Publication or External Link






A close examination of presently deployed peer-to-peer networks

(P2P) and existing proposals reveals several trends regarding data management.

First, only a small percentage of the queried data is actually retrieved by

users. Second, the vast majority of data exported by participants in P2P

networks is unaltered after creation. Third, membership changes in P2P networks

(users/sites leaving or joining the network) occur on a scale not seen before in

distributed systems.

We address the challenges posed by the above observations using two data

replication techniques. First, we define a routing protocol and replication

model for hierarchical namespaces that adaptively replicates routing information

in response to fluctuating load incurred by the lookup and search procedures.

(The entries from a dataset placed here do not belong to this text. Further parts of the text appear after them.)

(* Let $\mathbf{P_0},\mathbf{P_1}$ be $n\times n$ transition probability matrices of irreducible and aperiodic Markov chains on $n$ states, let $\mathbf{P_s}=(1-s)\mathbf{P_0}+s\mathbf{P_1}$ for $s\in[0,1]$, and let $\pi_s$ be the stationary distribution of $\mathbf{P_s}$. Then $s\mapsto\pi_s$ is continuous at $s=0$ with respect to the total variation norm. In particular, if $\epsilon>0$, $\sigma$ is the smallest nonzero singular value of $\mathbb{I}-\mathbf{P_0}$, and $\delta=\frac{\epsilon\sigma}{2n^{3/2}}$, then $\|\pi_s-\pi_0\|_{TV}\le\epsilon$ for all $s\in[0,1]$ with $s\le\delta$.
   Context: Distributions are row vectors; $\|\mu-\nu\|_{TV}=\frac12\|\mu-\nu\|_1$. Singular values are with respect to the Euclidean inner product; $\mathbb{I}$ is the identity matrix. *)

theory Defs
  imports "HOL-Analysis.Analysis"
begin

text \<open>Transition matrices are real matrices indexed by a finite state type 'n
  (n = CARD('n)); distributions are row vectors, acting by v* .\<close>

fun mpow :: "real^'n^'n \<Rightarrow> nat \<Rightarrow> real^'n^'n" where
  "mpow P 0 = mat 1"
| "mpow P (Suc k) = mpow P k ** P"

definition stochastic :: "real^'n^'n \<Rightarrow> bool" where
  "stochastic P \<longleftrightarrow> (\<forall>i j. P $ i $ j \<ge> 0) \<and> (\<forall>i. (\<Sum>j\<in>UNIV. P $ i $ j) = 1)"

definition irreducible_chain :: "real^'n^'n \<Rightarrow> bool" where
  "irreducible_chain P \<longleftrightarrow> (\<forall>i j. \<exists>k. mpow P k $ i $ j > 0)"

definition aperiodic_chain :: "real^'n^'n \<Rightarrow> bool" where
  "aperiodic_chain P \<longleftrightarrow> (\<forall>i. Gcd {k::nat. k > 0 \<and> mpow P k $ i $ i > 0} = 1)"

definition stationary_dist :: "real^'n^'n \<Rightarrow> real^'n \<Rightarrow> bool" where
  "stationary_dist P \<pi> \<longleftrightarrow> (\<forall>i. \<pi> $ i \<ge> 0) \<and> (\<Sum>i\<in>UNIV. \<pi> $ i) = 1 \<and> \<pi> v* P = \<pi>"

definition tv_dist :: "real^'n \<Rightarrow> real^'n \<Rightarrow> real" where
  "tv_dist \<mu> \<nu> = (1/2) * (\<Sum>i\<in>UNIV. \<bar>\<mu> $ i - \<nu> $ i\<bar>)"

definition singular_value :: "real^'n^'n \<Rightarrow> real \<Rightarrow> bool" where
  "singular_value A \<sigma> \<longleftrightarrow> \<sigma> \<ge> 0 \<and>
     (\<exists>v. v \<noteq> 0 \<and> (transpose A ** A) *v v = (\<sigma>^2) *\<^sub>R v)"

definition min_nonzero_singular_value :: "real^'n^'n \<Rightarrow> real" where
  "min_nonzero_singular_value A = Min {\<sigma>. \<sigma> \<noteq> 0 \<and> singular_value A \<sigma>}"

end

theory Submission
  imports Defs
begin

text \<open>Write \<open>A = I - P\<^sub>0\<close> and \<open>d = \<pi>\<^sub>s - \<pi>\<^sub>0\<close>. Stationarity gives \<open>d A = s \<pi>\<^sub>s (P\<^sub>1 - P\<^sub>0)\<close>,
  a vector of norm at most \<open>2s\<close>. Irreducibility makes the left kernel of \<open>A\<close> the line through
  \<open>\<pi>\<^sub>0\<close>, so on its orthogonal complement \<open>|y A| \<ge> \<sigma> |y|\<close> with \<open>\<sigma>\<close> the smallest nonzero singular
  value (the minimum of the Rayleigh quotient there is attained at a singular vector). Since \<open>d\<close>
  has coordinate sum zero, its component along \<open>\<pi>\<^sub>0\<close> is controlled by the orthogonal one, giving
  \<open>\<sigma> |d| \<le> 2 (1 + \<surd>n) s\<close>; the passage from the Euclidean norm to total variation costs \<open>\<surd>n/2\<close>.\<close>

lemma sum_abs_le_sqrt_card_norm:
  fixes x :: "real^'n"
  shows "(\<Sum>i\<in>UNIV. \<bar>x$i\<bar>) \<le> sqrt (real CARD('n)) * norm x"
proof -
  have "(\<Sum>i\<in>UNIV. \<bar>x$i\<bar>)\<^sup>2 \<le> (\<Sum>i\<in>UNIV. \<bar>x$i\<bar>\<^sup>2) * real CARD('n)"
    using sum_squared_le_sum_of_squares[of "\<lambda>i. \<bar>x$i\<bar>" UNIV] by simp
  also have "(\<Sum>i\<in>UNIV. \<bar>x$i\<bar>\<^sup>2) = (norm x)\<^sup>2"
    unfolding power2_norm_eq_inner inner_vec_def by (simp add: power2_eq_square)
  finally have "(\<Sum>i\<in>UNIV. \<bar>x$i\<bar>)\<^sup>2 \<le> (sqrt (real CARD('n)) * norm x)\<^sup>2"
    by (simp add: power_mult_distrib mult.commute)
  then show ?thesis
    by (rule power2_le_imp_le) simp
qed

lemma tv_dist_le_norm:
  fixes x y :: "real^'n"
  shows "tv_dist x y \<le> sqrt (real CARD('n)) / 2 * norm (x - y)"
  using sum_abs_le_sqrt_card_norm[of "x - y"] by (simp add: tv_dist_def)

lemma linear_coeff_zero_if_quadratic_nonneg:
  fixes a b :: real
  assumes "\<And>t. 0 \<le> 2*t*a + t\<^sup>2 * b"
  shows "a = 0"
proof (rule ccontr)
  assume "a \<noteq> 0"
  define c where "c = \<bar>b\<bar> + 1"
  have "c > 0" "b - 2 * c < 0" by (auto simp: c_def)
  have "2 * (-a/c) * a + (-a/c)\<^sup>2 * b = a\<^sup>2 * (b - 2 * c) / c\<^sup>2"
    using \<open>c > 0\<close> by (simp add: field_simps power2_eq_square)
  also have "\<dots> < 0"
    using \<open>a \<noteq> 0\<close> \<open>c > 0\<close> \<open>b - 2 * c < 0\<close> by (simp add: divide_neg_pos mult_pos_neg)
  finally show False using assms[of "-a/c"] by linarith
qed

lemma power2_norm_add_scaleR:
  fixes a b :: "'a::real_inner"
  shows "(norm (a + t *\<^sub>R b))\<^sup>2 = (norm a)\<^sup>2 + 2*t*(a \<bullet> b) + t\<^sup>2 * (norm b)\<^sup>2"
  unfolding power2_norm_eq_inner
  by (simp add: inner_add_left inner_add_right inner_commute power2_eq_square algebra_simps)

section \<open>Singular values\<close>

lemma gram_matrix_symmetric:
  fixes A :: "real^'n^'n"
  shows "((transpose A ** A) *v x) \<bullet> y = x \<bullet> ((transpose A ** A) *v y)"
proof -
  have "transpose (transpose A ** A) = transpose A ** A"
    by (simp add: matrix_transpose_mul)
  then have "(transpose A ** A) *v x = x v* (transpose A ** A)"
    by (metis vector_transpose_matrix)
  then show ?thesis by (simp add: dot_lmul_matrix)
qed

text \<open>Eigenvectors of the symmetric matrix \<open>A\<^sup>TA\<close> for distinct eigenvalues are orthogonal,
  hence independent, and there are only finitely many of them.\<close>
lemma finite_nonzero_singular_values:
  fixes A :: "real^'n^'n"
  shows "finite {\<sigma>. \<sigma> \<noteq> 0 \<and> singular_value A \<sigma>}"
proof -
  define S where "S = {\<sigma>. \<sigma> \<noteq> 0 \<and> singular_value A \<sigma>}"
  define M where "M = transpose A ** A"
  define f where "f \<sigma> = (SOME v. v \<noteq> 0 \<and> M *v v = (\<sigma>^2) *\<^sub>R v)" for \<sigma>
  have f: "f \<sigma> \<noteq> 0 \<and> M *v f \<sigma> = (\<sigma>^2) *\<^sub>R f \<sigma>" "\<sigma> \<ge> 0" if "\<sigma> \<in> S" for \<sigma>
  proof -
    from that have ex: "\<exists>v. v \<noteq> 0 \<and> M *v v = (\<sigma>^2) *\<^sub>R v" and "\<sigma> \<ge> 0"
      by (auto simp: S_def singular_value_def M_def)
    then show "f \<sigma> \<noteq> 0 \<and> M *v f \<sigma> = (\<sigma>^2) *\<^sub>R f \<sigma>" "\<sigma> \<ge> 0"
      unfolding f_def using someI_ex[OF ex] by auto
  qed
  have sq: "\<sigma>^2 \<noteq> \<tau>^2" if "\<sigma> \<in> S" "\<tau> \<in> S" "\<sigma> \<noteq> \<tau>" for \<sigma> \<tau>
    using f(2)[OF that(1)] f(2)[OF that(2)] that(3) by (metis power2_eq_iff_nonneg)
  have inj: "inj_on f S"
  proof (rule inj_onI, rule ccontr)
    fix \<sigma> \<tau> assume h: "\<sigma> \<in> S" "\<tau> \<in> S" "f \<sigma> = f \<tau>" "\<sigma> \<noteq> \<tau>"
    then have "(\<sigma>^2 - \<tau>^2) *\<^sub>R f \<sigma> = 0"
      using f(1)[OF h(1)] f(1)[OF h(2)] by (simp add: algebra_simps)
    then show False using sq[OF h(1,2,4)] f(1)[OF h(1)] by simp
  qed
  have orth: "f \<sigma> \<bullet> f \<tau> = 0" if "\<sigma> \<in> S" "\<tau> \<in> S" "\<sigma> \<noteq> \<tau>" for \<sigma> \<tau>
  proof -
    have "\<sigma>^2 * (f \<sigma> \<bullet> f \<tau>) = (M *v f \<sigma>) \<bullet> f \<tau>" using f(1)[OF that(1)] by simp
    also have "\<dots> = f \<sigma> \<bullet> (M *v f \<tau>)" unfolding M_def by (rule gram_matrix_symmetric)
    also have "\<dots> = \<tau>^2 * (f \<sigma> \<bullet> f \<tau>)" using f(1)[OF that(2)] by simp
    finally have "(\<sigma>^2 - \<tau>^2) * (f \<sigma> \<bullet> f \<tau>) = 0" by (simp add: algebra_simps)
    then show ?thesis using sq[OF that] by simp
  qed
  have "pairwise orthogonal (f ` S)"
    unfolding pairwise_def orthogonal_def using orth by auto
  moreover have "0 \<notin> f ` S" using f by auto
  ultimately have "finite (f ` S)"
    by (intro finiteI_independent pairwise_orthogonal_independent)
  then show ?thesis using inj finite_imageD S_def by blast
qed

Second, we define a replica control protocol (d-spaces) based on quorum

consensus in multi-dimensional spaces that is well suited for scenarios where

reads are the dominant type of access to data. We extend the basic d-space

protocol with a quorum reconfiguration mechanism which uses local connectivity

and cached quorum groups instead of global views to achieve seemingly

contradicting goals: improved fault tolerance through local reconfiguration

policies, and good global latencies.

Our main contributions are as follows: We show that hierarchical bottlenecks can

be eliminated, with the resulting system behaving like a true symmetrical P2P

network. Temporal locality in the stream of requests (hot-spots) is managed by

replicating on demand popular portions of the namespace. We argue that

non-virtualized object namespaces maintain desirable properties that are lost

through virtualization. We present a token-based method of resolving complex

search queries through hierarchical query decomposition and result

recomposition. The method allows the initiator to ascertain query completion,

and offers a broad range of trade-offs between network bandwidth consumption and

the number of connections required to complete the search. We show that d-space

quorums have optimal communication complexity. We define the Read-Few Write-Many

replica control protocol and argue that the quality of trade-off between read

efficiency and update availability is not matched by existing replica control

protocols. Finally, we present a quorum reconfiguration mechanism that allows

membership changes without requiring global reconfiguration phases.